WHAT IS REQUIRED: What is needed is an exact copy of the lines from the one containing "by linarith" through the last line of the entries below, both included.

INFORMATION:
+-------+

(* Let $n\ge2$ and $H>1$. There is a constant $c(n,H)$, depending only on $n$ and $H$, with the following property. For every $\mu>0$, let $\varphi$ be the profile function of the hyperbolic Delaunay unduloid $\mathcal{D}_H(\mu)$ and let $V$ be the potential of its stability operator. Then $V\tan^2\varphi\le c(n,H)$ everywhere on $\mathcal{D}_H(\mu)$.
   Context: Use the upper half-space model of $\mathbb{H}^{n+1}$. For $\mu>0$ and $H>1$, let $\varphi:\mathbb{R}\to(0,\pi/2)$ be a solution of $$\mu=\frac{(\tan\varphi)^{n-1}}{\cos\varphi\sqrt{1+\varphi'^2}}-H(\tan\varphi)^n.$$ The hyperbolic Delaunay unduloid $\mathcal{D}_H(\mu)$ is parametrized by $\Phi(t,\omega)=(e^t\sin\varphi(t)\omega,e^t\cos\varphi(t))$, $\omega\in S^{n-1}$. It has constant (normalized) mean curvature $H$. Its stability operator is $L=\Delta-V$, where $\Delta$ is the non-negative Laplacian and $V=\|B\|^2-n$. Here $\|B\|$ is the norm of the second fundamental form, and $V\circ\Phi = n(H^2-1)+n(n-1)\mu^2(\tan\varphi)^{-2n}$. *)

theory Defs
  imports "HOL-Analysis.Analysis"
begin

definition delaunay_profile :: "nat \<Rightarrow> real \<Rightarrow> real \<Rightarrow> (real \<Rightarrow> real) \<Rightarrow> bool" where
  "delaunay_profile n H \<mu> \<phi> \<longleftrightarrow>
     (\<forall>t. 0 < \<phi> t \<and> \<phi> t < pi / 2) \<and>
     (\<forall>t. \<phi> differentiable (at t)) \<and>
     (\<forall>t. \<mu> = tan (\<phi> t) ^ (n - 1) / (cos (\<phi> t) * sqrt (1 + (deriv \<phi> t)\<^sup>2))
              - H * tan (\<phi> t) ^ n)"

text \<open>Potential V = |B|^2 - n of the stability operator, pulled back by Phi (depends only on t):
  V(Phi(t,omega)) = n(H^2-1) + n(n-1) mu^2 (tan phi(t))^(-2n).\<close>
definition stab_potential :: "nat \<Rightarrow> real \<Rightarrow> real \<Rightarrow> (real \<Rightarrow> real) \<Rightarrow> real \<Rightarrow> real" where
  "stab_potential n H \<mu> \<phi> t =
     real n * (H\<^sup>2 - 1) + real n * (real n - 1) * \<mu>\<^sup>2 / tan (\<phi> t) ^ (2 * n)"

end

theory Submission
  imports Defs
begin

text \<open>Write \<open>x = tan \<phi>\<close> and \<open>a = \<mu> / x^(n-1)\<close>, so that \<open>V tan\<^sup>2\<phi> = n (H\<^sup>2 - 1) x\<^sup>2 + n (n - 1) a\<^sup>2\<close>.
  Dividing the first integral by \<open>x^(n-1)\<close> and using \<open>sqrt (1 + \<phi>'\<^sup>2) \<ge> 1\<close> gives
  \<open>a + H x \<le> sec \<phi>\<close>. As both summands are positive, each of \<open>H x\<close> and \<open>a\<close> is below
  \<open>sec \<phi>\<close>, whose square is \<open>1 + x\<^sup>2\<close>. The first comparison yields \<open>(H\<^sup>2 - 1) x\<^sup>2 < 1\<close>, and then
  the second yields \<open>a\<^sup>2 < 1 + x\<^sup>2 < H\<^sup>2 / (H\<^sup>2 - 1)\<close>.\<close>

lemma first_integral_le_sec:
  fixes n :: nat and H \<mu> p s :: real
  assumes "n \<ge> 1" and "0 < p" and "p < pi / 2" and "s \<ge> 1"
    and first_integral: "\<mu> = tan p ^ (n - 1) / (cos p * s) - H * tan p ^ n"
  shows "\<mu> / tan p ^ (n - 1) + H * tan p \<le> 1 / cos p"
proof -
  have "cos p > 0" and "tan p > 0"
    using assms by (auto intro: cos_gt_zero_pi tan_gt_zero)
  have "tan p ^ n = tan p ^ (n - 1) * tan p"
    using power_minus_mult[of n "tan p"] \<open>n \<ge> 1\<close> by simp
  then have "\<mu> / tan p ^ (n - 1) + H * tan p = 1 / (cos p * s)"
    using \<open>tan p > 0\<close> by (simp add: first_integral diff_divide_distrib)
  also have "\<dots> \<le> 1 / cos p"
    using \<open>cos p > 0\<close> \<open>s \<ge> 1\<close> by (simp add: frac_le)
  finally show ?thesis .
qed

lemma stab_potential_mult_tan_square:
  assumes "n \<ge> 1" and "tan (\<phi> t) \<noteq> 0"
  shows "stab_potential n H \<mu> \<phi> t * (tan (\<phi> t))\<^sup>2
           = real n * ((H\<^sup>2 - 1) * (tan (\<phi> t))\<^sup>2)
             + real n * (real n - 1) * (\<mu> / tan (\<phi> t) ^ (n - 1))\<^sup>2"
proof -
  have "tan (\<phi> t) ^ (2 * n) = (tan (\<phi> t) ^ (n - 1) * tan (\<phi> t))\<^sup>2"
    using power_minus_mult[of n "tan (\<phi> t)"] \<open>n \<ge> 1\<close> by (simp add: power_even_eq)
  then show ?thesis
    using assms by (simp add: stab_potential_def field_simps)
qed

lemma stab_potential_mult_tan_square_le:
  fixes n :: nat and H \<mu> :: real
  assumes "n \<ge> 1" and "H > 1" and "\<mu> > 0" and profile: "delaunay_profile n H \<mu> \<phi>"
  shows "stab_potential n H \<mu> \<phi> t * (tan (\<phi> t))\<^sup>2
           \<le> real n + real n * (real n - 1) * (H\<^sup>2 / (H\<^sup>2 - 1))"
proof -
  define x where "x = tan (\<phi> t)"
  define a where "a = \<mu> / x ^ (n - 1)"
  define sec where "sec = 1 / cos (\<phi> t)"
  have range: "0 < \<phi> t" "\<phi> t < pi / 2"
    using profile by (auto simp: delaunay_profile_def)
  then have "x > 0" and "cos (\<phi> t) > 0"
    unfolding x_def by (auto intro!: tan_gt_zero cos_gt_zero_pi)
  then have sec_square: "sec\<^sup>2 = 1 + x\<^sup>2"
    unfolding sec_def x_def by (simp add: tan_sec inverse_eq_divide)
  have "\<mu> = tan (\<phi> t) ^ (n - 1) / (cos (\<phi> t) * sqrt (1 + (deriv \<phi> t)\<^sup>2))
             - H * tan (\<phi> t) ^ n"
    using profile unfolding delaunay_profile_def by blast
  from first_integral_le_sec[OF \<open>n \<ge> 1\<close> range _ this] have "a + H * x \<le> sec"
    by (simp add: a_def x_def sec_def)
  moreover have "a > 0" and "H * x > 0"
    using \<open>\<mu> > 0\<close> \<open>x > 0\<close> \<open>H > 1\<close> by (simp_all add: a_def)
  ultimately have "(H * x)\<^sup>2 < sec\<^sup>2" and "a\<^sup>2 < sec\<^sup>2"
    by (simp_all add: power_strict_mono)
  then have Hx: "(H\<^sup>2 - 1) * x\<^sup>2 < 1" and "a\<^sup>2 < 1 + x\<^sup>2"
    by (simp_all add: sec_square algebra_simps)
  moreover have "1 + x\<^sup>2 < H\<^sup>2 / (H\<^sup>2 - 1)"
    using Hx \<open>H > 1\<close> by (simp add: field_simps)
  ultimately have "a\<^sup>2 < H\<^sup>2 / (H\<^sup>2 - 1)"
    by linarith
  then have "real n * ((H\<^sup>2 - 1) * x\<^sup>2) + real n * (real n - 1) * a\<^sup>2
               \<le> real n * 1 + real n * (real n - 1) * (H\<^sup>2 / (H\<^sup>2 - 1))"
    using Hx \<open>n \<ge> 1\<close> by (intro add_mono mult_left_mono) auto
  then show ?thesis
    using stab_potential_mult_tan_square[OF \<open>n \<ge> 1\<close>] \<open>x > 0\<close>
    by (simp add: a_def x_def)
qed

theorem lemma3p4:
  fixes n :: nat and H :: real
  assumes "n \<ge> 2" and "H > 1"
  shows "\<exists>c::real. \<forall>\<mu>::real. \<forall>\<phi>::real \<Rightarrow> real.
           \<mu> > 0 \<longrightarrow> delaunay_profile n H \<mu> \<phi> \<longrightarrow>
           (\<forall>t. stab_potential n H \<mu> \<phi> t * (tan (\<phi> t))\<^sup>2 \<le> c)"
proof (intro exI allI impI)
  fix \<mu> :: real and \<phi> :: "real \<Rightarrow> real" and t :: real
  assume "\<mu> > 0" and "delaunay_profile n H \<mu> \<phi>"
  with assms show "stab_potential n H \<mu> \<phi> t * (tan (\<phi> t))\<^sup>2
                     \<le> real n + real n * (real n - 1) * (H\<^sup>2 / (H\<^sup>2 - 1))"
    by (intro stab_potential_mult_tan_square_le) auto
qed

end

+-------+

TASK ANSWER:
    by linarith
  then have "real n * ((H\<^sup>2 - 1) * x\<^sup>2) + real n * (real n - 1) * a\<^sup>2
               \<le> real n * 1 + real n * (real n - 1) * (H\<^sup>2 / (H\<^sup>2 - 1))"
    using Hx \<open>n \<ge> 1\<close> by (intro add_mono mult_left_mono) auto
  then show ?thesis
    using stab_potential_mult_tan_square[OF \<open>n \<ge> 1\<close>] \<open>x > 0\<close>
    by (simp add: a_def x_def)
qed

theorem lemma3p4:
  fixes n :: nat and H :: real
  assumes "n \<ge> 2" and "H > 1"
  shows "\<exists>c::real. \<forall>\<mu>::real. \<forall>\<phi>::real \<Rightarrow> real.
           \<mu> > 0 \<longrightarrow> delaunay_profile n H \<mu> \<phi> \<longrightarrow>
           (\<forall>t. stab_potential n H \<mu> \<phi> t * (tan (\<phi> t))\<^sup>2 \<le> c)"
proof (intro exI allI impI)
  fix \<mu> :: real and \<phi> :: "real \<Rightarrow> real" and t :: real
  assume "\<mu> > 0" and "delaunay_profile n H \<mu> \<phi>"
  with assms show "stab_potential n H \<mu> \<phi> t * (tan (\<phi> t))\<^sup>2
                     \<le> real n + real n * (real n - 1) * (H\<^sup>2 / (H\<^sup>2 - 1))"
    by (intro stab_potential_mult_tan_square_le) auto
qed

end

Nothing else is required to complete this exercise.